Говорила она отрывисто, словно отвыкла от слов. Наверное, так и есть…

— Так это ты была? — вскинулась я. — В башне? И на скалах?

— Я, — девушка покосилась на Краста. — Было интересно на тебя посмотреть. У нас не только лица похожие. Суть одна, ты верно увидела.

— Наша мать была йотун-шагун. — Краст приподнялся и кивнул на чашку с водой. Напился и продолжил: — И ее мать. И ее. Много поколений. Шагун уходит от людей. Живет одна. Ходит в двух мирах, зримом и незримом… Это тяжелая ноша, лирин. Люди боятся шагун, сторонятся. Но когда приходит время, йотун-шагун спускается с гор в Дьярвеншил и выбирает свободного мужчину. Для продолжения рода. — Ильх скрипнул зубами. — Наша мать выбрала Ингольфа. Почему — я не знаю, но по нашим законам отказать ей никто не может. Шагун стоит между духами и живыми, мы это… уважаем.

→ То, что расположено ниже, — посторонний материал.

(* Let $m\ge 1$, let $\mathcal{I}\subseteq\mathcal{M}_m$ be a decreasing monomial set with $r=\max_{f\in\mathcal{I}}\deg f$, let $f,g\in\mathcal{I}_r$ and $h=\gcd(f,g)\in\mathcal{M}_m$. Then \[ {\rm LTA}(m,2)\cdot h\cdot \Big({\rm LTA}(m,2)\cdot \tfrac{f}{h}+{\rm LTA}(m,2)\cdot \tfrac{g}{h}\Big)= {\rm LTA}(m,2)_h\cdot h\cdot \Big({\rm LTA}(m,2)_{f}\cdot \tfrac{f}{h}+{\rm LTA}(m,2)_g\cdot \tfrac{g}{h}\Big). \]
   Context: $\mathbf{R}_m=\mathbb{F}_2[x_0,\dots,x_{m-1}]/(x_0^2-x_0,\dots,x_{m-1}^2-x_{m-1})$. $\mathcal{M}_m$ is the set of monomials $x_0^{i_0}\cdots x_{m-1}^{i_{m-1}}$, $i_j\in\{0,1\}$. For a monomial $f$, $\operatorname{ind}(f)$ is the set of indices of variables dividing $f$, $\deg f=|\operatorname{ind}(f)|$; $\gcd(f,g)$ has $\operatorname{ind}=\operatorname{ind}(f)\cap\operatorname{ind}(g)$; for $h\mid f$, $f/h$ has $\operatorname{ind}=\operatorname{ind}(f)\setminus\operatorname{ind}(h)$. Order: $f\preceq_w g$ iff $\operatorname{ind}(f)\subseteq\operatorname{ind}(g)$; for equal-degree $f=x_{i_1}\cdots x_{i_s}$, $g=x_{j_1}\cdots x_{j_s}$ (increasing indices), $f\preceq_{sh}g$ iff $i_\ell\le j_\ell$ for all $\ell$; $f\preceq g$ iff $f\preceq_{sh}g^*\preceq_w g$ for some $g^*$. $\mathcal{I}$ is decreasing if $f\in\mathcal{I}$, $g\preceq f$ imply $g\in\mathcal{I}$; $\mathcal{I}_r=\{f\in\mathcal{I}:\deg f=r\}$. ${\rm LTA}(m,2)$ is the set of pairs $(\mathbf{B},\varepsilon)$ with $\mathbf{B}=(b_{i,j})\in\mathbb{F}_2^{m\times m}$ lower triangular with ones on the diagonal and $\varepsilon\in\mathbb{F}_2^m$; for a monomial $u$, $(\mathbf{B},\varepsilon)\cdot u\in\mathbf{R}_m$ replaces each variable $x_i$ of $u$ by $x_i+\sum_{j<i}b_{i,j}x_j+\varepsilon_i$. For a monomial $g$, ${\rm LTA}(m,2)_g$ is the set of $(\mathbf{B},\varepsilon)\in{\rm LTA}(m,2)$ with $\varepsilon_i=0$ for $i\notin\operatorname{ind}(g)$ and $b_{i,j}=0$ (for $j<i$) whenever $i\notin\operatorname{ind}(g)$ or $j\in\operatorname{ind}(g)$. For $G\subseteq{\rm LTA}(m,2)$ and monomial $u$, $G\cdot u=\{(\mathbf{B},\varepsilon)\cdot u:(\mathbf{B},\varepsilon)\in G\}$. For sets $\mathcal{S},\mathcal{T}\subseteq\mathbf{R}_m$: $\mathcal{S}+\mathcal{T}=\{s+t\}$, $\mathcal{S}\cdot\mathcal{T}=\{st\}$; $G\cdot h\cdot(\mathcal{S})$ is the product of the set $G\cdot h$ with the set $\mathcal{S}$. *)

theory Defs
  imports Main
begin

text \<open>Elements of R_m = F_2[x_0..x_{m-1}]/(x_i^2 - x_i) are represented by their unique
multilinear normal form: a finite set of monomials (coefficients in F_2), where a
monomial is represented by its index set ind(f), a subset of {..<m}.\<close>

type_synonym mono = "nat set"
type_synonym rpoly = "nat set set"

definition monomials :: "nat \<Rightarrow> mono set" where
  "monomials m = Pow {..<m}"

text \<open>Ring operations in R_m (x_i^2 = x_i makes the product of monomials the union).\<close>
definition padd :: "rpoly \<Rightarrow> rpoly \<Rightarrow> rpoly" where
  "padd p q = (p - q) \<union> (q - p)"

definition pmul :: "rpoly \<Rightarrow> rpoly \<Rightarrow> rpoly" where
  "pmul p q = {w. odd (card {(a, b). a \<in> p \<and> b \<in> q \<and> a \<union> b = w})}"

definition pone :: rpoly where
  "pone = {{}}"

definition weak_le :: "mono \<Rightarrow> mono \<Rightarrow> bool" where
  "weak_le f g \<longleftrightarrow> f \<subseteq> g"

definition sh_le :: "mono \<Rightarrow> mono \<Rightarrow> bool" where
  "sh_le f g \<longleftrightarrow> card f = card g \<and>
     list_all2 (\<le>) (sorted_list_of_set f) (sorted_list_of_set g)"

definition mono_le :: "mono \<Rightarrow> mono \<Rightarrow> bool" where
  "mono_le f g \<longleftrightarrow> (\<exists>g'. sh_le f g' \<and> weak_le g' g)"

definition decreasing :: "nat \<Rightarrow> mono set \<Rightarrow> bool" where
  "decreasing m I \<longleftrightarrow> I \<subseteq> monomials m \<and>
     (\<forall>f\<in>I. \<forall>g\<in>monomials m. mono_le g f \<longrightarrow> g \<in> I)"

text \<open>LTA(m,2): pairs (B, eps), B an m x m lower triangular binary matrix with ones on the
diagonal (entries B i j for i,j < m; all other entries are False), eps in F_2^m.\<close>
type_synonym lta = "(nat \<Rightarrow> nat \<Rightarrow> bool) \<times> (nat \<Rightarrow> bool)"

definition LTA :: "nat \<Rightarrow> lta set" where
  "LTA m = {(B, e). (\<forall>i j. B i j \<longrightarrow> i < m \<and> j < m) \<and>
                    (\<forall>i j. j > i \<longrightarrow> \<not> B i j) \<and>
                    (\<forall>i < m. B i i) \<and>
                    (\<forall>i. e i \<longrightarrow> i < m)}"

definition LTA_sub :: "nat \<Rightarrow> mono \<Rightarrow> lta set" where
  "LTA_sub m g = {(B, e) \<in> LTA m. (\<forall>i. i \<notin> g \<longrightarrow> \<not> e i) \<and>
       (\<forall>i j. j < i \<longrightarrow> (i \<notin> g \<or> j \<in> g) \<longrightarrow> \<not> B i j)}"

text \<open>The image of x_i under (B, eps): x_i + sum_{j<i} b_{i,j} x_j + eps_i.\<close>
definition lin :: "lta \<Rightarrow> nat \<Rightarrow> rpoly" where
  "lin A i = {{i}} \<union> {{j} | j. j < i \<and> fst A i j} \<union> (if snd A i then {{}} else {})"

definition act :: "lta \<Rightarrow> mono \<Rightarrow> rpoly" where
  "act A u = foldr (\<lambda>i p. pmul (lin A i) p) (sorted_list_of_set u) pone"

definition orbit :: "lta set \<Rightarrow> mono \<Rightarrow> rpoly set" where
  "orbit G u = (\<lambda>A. act A u) ` G"

definition set_add :: "rpoly set \<Rightarrow> rpoly set \<Rightarrow> rpoly set" where
  "set_add S T = {padd s t | s t. s \<in> S \<and> t \<in> T}"

definition set_mul :: "rpoly set \<Rightarrow> rpoly set \<Rightarrow> rpoly set" where
  "set_mul S T = {pmul s t | s t. s \<in> S \<and> t \<in> T}"

end

theory Submission
  imports Defs
begin

(* Evaluated at the 0/1-points of F_2^m, the polynomial (B, eps) . u is the indicator function of
   the affine subspace cut out by the triangular equations x_i = l_i(x_0, ..., x_{i-1}) + eps_i + 1,
   i in ind(u), and a multilinear polynomial is determined by its values.  Back-substitution
   rewrites the equations with pivots in a set W so that their right-hand sides only involve
   variables outside W, which is the shape allowed in LTA(m,2)_W.  As h divides f and g, doing this
   for the h-equations alone, and for the f- (resp. g-) equations while keeping the h-equations,
   replaces the three group elements by elements of LTA_h, LTA_f and LTA_g without changing the
   values of h (f/h + g/h), hence without changing the polynomial. *)

text \<open>The value of p at the 0/1-point of F_2^m with support x.\<close>

definition peval :: "rpoly \<Rightarrow> nat set \<Rightarrow> bool" where
  "peval p x \<longleftrightarrow> odd (card {a \<in> p. a \<subseteq> x})"

lemma odd_card_symdiff:
  assumes "finite P" "finite Q"
  shows "odd (card ((P - Q) \<union> (Q - P))) \<longleftrightarrow> odd (card P) \<noteq> odd (card Q)"
proof -
  have "card P = card (P \<inter> Q) + card (P - Q)" "card Q = card (P \<inter> Q) + card (Q - P)"
    using card_Int_Diff[OF assms(1), of Q] card_Int_Diff[OF assms(2), of P] by (simp_all add: Int_commute)
  moreover have "card ((P - Q) \<union> (Q - P)) = card (P - Q) + card (Q - P)"
    using assms by (intro card_Un_disjoint) auto
  ultimately show ?thesis by presburger
qed

lemma finite_padd: "finite p \<Longrightarrow> finite q \<Longrightarrow> finite (padd p q)"
  unfolding padd_def by simp

lemma peval_padd:
  assumes "finite p" "finite q"
  shows "peval (padd p q) x \<longleftrightarrow> peval p x \<noteq> peval q x"
proof -
  have "{a \<in> padd p q. a \<subseteq> x} =
      ({a \<in> p. a \<subseteq> x} - {a \<in> q. a \<subseteq> x}) \<union> ({a \<in> q. a \<subseteq> x} - {a \<in> p. a \<subseteq> x})"
    unfolding padd_def by auto
  then show ?thesis
    unfolding peval_def using assms by (simp add: odd_card_symdiff)
qed

lemma pmul_subset_image: "pmul p q \<subseteq> (\<lambda>(a, b). a \<union> b) ` (p \<times> q)"
proof
  fix w assume "w \<in> pmul p q"
  then have "odd (card {(a, b). a \<in> p \<and> b \<in> q \<and> a \<union> b = w})"
    unfolding pmul_def by simp
  then have "{(a, b). a \<in> p \<and> b \<in> q \<and> a \<union> b = w} \<noteq> {}"
    by (rule odd_card_imp_not_empty)
  then show "w \<in> (\<lambda>(a, b). a \<union> b) ` (p \<times> q)" by force
qed

lemma finite_pmul: "finite p \<Longrightarrow> finite q \<Longrightarrow> finite (pmul p q)"
  by (rule finite_subset[OF pmul_subset_image]) simp

lemma pmul_subset_Pow: "p \<subseteq> Pow U \<Longrightarrow> q \<subseteq> Pow U \<Longrightarrow> pmul p q \<subseteq> Pow U"
  using pmul_subset_image[of p q] by blast

lemma padd_subset_Pow: "p \<subseteq> Pow U \<Longrightarrow> q \<subseteq> Pow U \<Longrightarrow> padd p q \<subseteq> Pow U"
  unfolding padd_def by blast

lemma peval_pmul:
  assumes "finite p" "finite q"
  shows "peval (pmul p q) x \<longleftrightarrow> peval p x \<and> peval q x"
proof -
  define P where "P = {a \<in> p. a \<subseteq> x}"
  define Q where "Q = {b \<in> q. b \<subseteq> x}"
  define u where "u = (\<lambda>(a :: nat set, b). a \<union> b)"
  define k where "k = (\<lambda>w. card {z \<in> P \<times> Q. u z = w})"
  have fin: "finite (P \<times> Q)" using assms unfolding P_def Q_def by simp
  have fibre: "{(a, b). a \<in> p \<and> b \<in> q \<and> a \<union> b = w} = {z \<in> P \<times> Q. u z = w}" if "w \<subseteq> x" for w
    using that unfolding P_def Q_def u_def by auto
  have "{w \<in> pmul p q. w \<subseteq> x} = {w \<in> u ` (P \<times> Q). odd (k w)}"
  proof (intro set_eqI iffI)
    fix w assume "w \<in> {w \<in> pmul p q. w \<subseteq> x}"
    then have "odd (k w)" using fibre unfolding pmul_def k_def by auto
    moreover from this have "{z \<in> P \<times> Q. u z = w} \<noteq> {}"
      unfolding k_def using odd_card_imp_not_empty by blast
    ultimately show "w \<in> {w \<in> u ` (P \<times> Q). odd (k w)}" by blast
  next
    fix w assume "w \<in> {w \<in> u ` (P \<times> Q). odd (k w)}"
    moreover then have "w \<subseteq> x" unfolding P_def Q_def u_def by auto
    ultimately show "w \<in> {w \<in> pmul p q. w \<subseteq> x}" using fibre unfolding pmul_def k_def by auto
  qed
  moreover have "card (P \<times> Q) = (\<Sum>w \<in> u ` (P \<times> Q). k w)"
    unfolding k_def card_eq_sum by (rule sum.image_gen[OF fin])
  ultimately have "peval (pmul p q) x \<longleftrightarrow> odd (card (P \<times> Q))"
    unfolding peval_def by (simp add: even_sum_iff fin)
  then show ?thesis
    unfolding peval_def P_def Q_def by (simp add: card_cartesian_product)
qed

— И в положенное время ваша мать родила двоих, — догадалась я.

— Да. Видишь ли, у шагун всегда появляется лишь один ребенок — девочка. Вернее, мы так думали. Мальчиков не было никогда. Мы не знаем, что случилось, но нас с Солвейг нашли вдвоем. Мать принесла нас в Дьярвеншил. Хотела, чтобы мы жили среди людей, а не среди йотунов. Солвейг забрал Ингольф, а вот меня…

— Мальчик был не нужен, — догадалась я.

— Да. Меня выкинули. Я не замерз лишь чудом. Повезло, что забрал старый кузнец, отогрел… В Дьярвеншиле порой появляются подкидыши — чужие дети рабынь, служанок, а то и с той стороны гор приносят, там есть небольшое поселение. У нас таких детей не любят… А со мной все было хуже, город знал, чей я сын. Ингольф не признал меня, понятно, но здесь трудно утаить правду. И мальчик, рожденный шагун, — это проклятие перворожденных. Так говорят.

— А Солвейг? — Я зябко обхватила себя руками, девушка усмехнулась.

— А я хорошо жила, чужачка, — медленно произнесла она. — Вкусно ела, сладко спала. Росла в башне риара как его дочь. Лишь о брате думала слишком часто, но видеться с ним мне запретили. Порой мы сбегали… Я и Краст. Приходили сюда. Смотрели, как танцует на снегу наша мать. С годами она все ближе становилась к зверям и все дальше от людей. И все реже узнавала нас… Шагун дичают, это плата…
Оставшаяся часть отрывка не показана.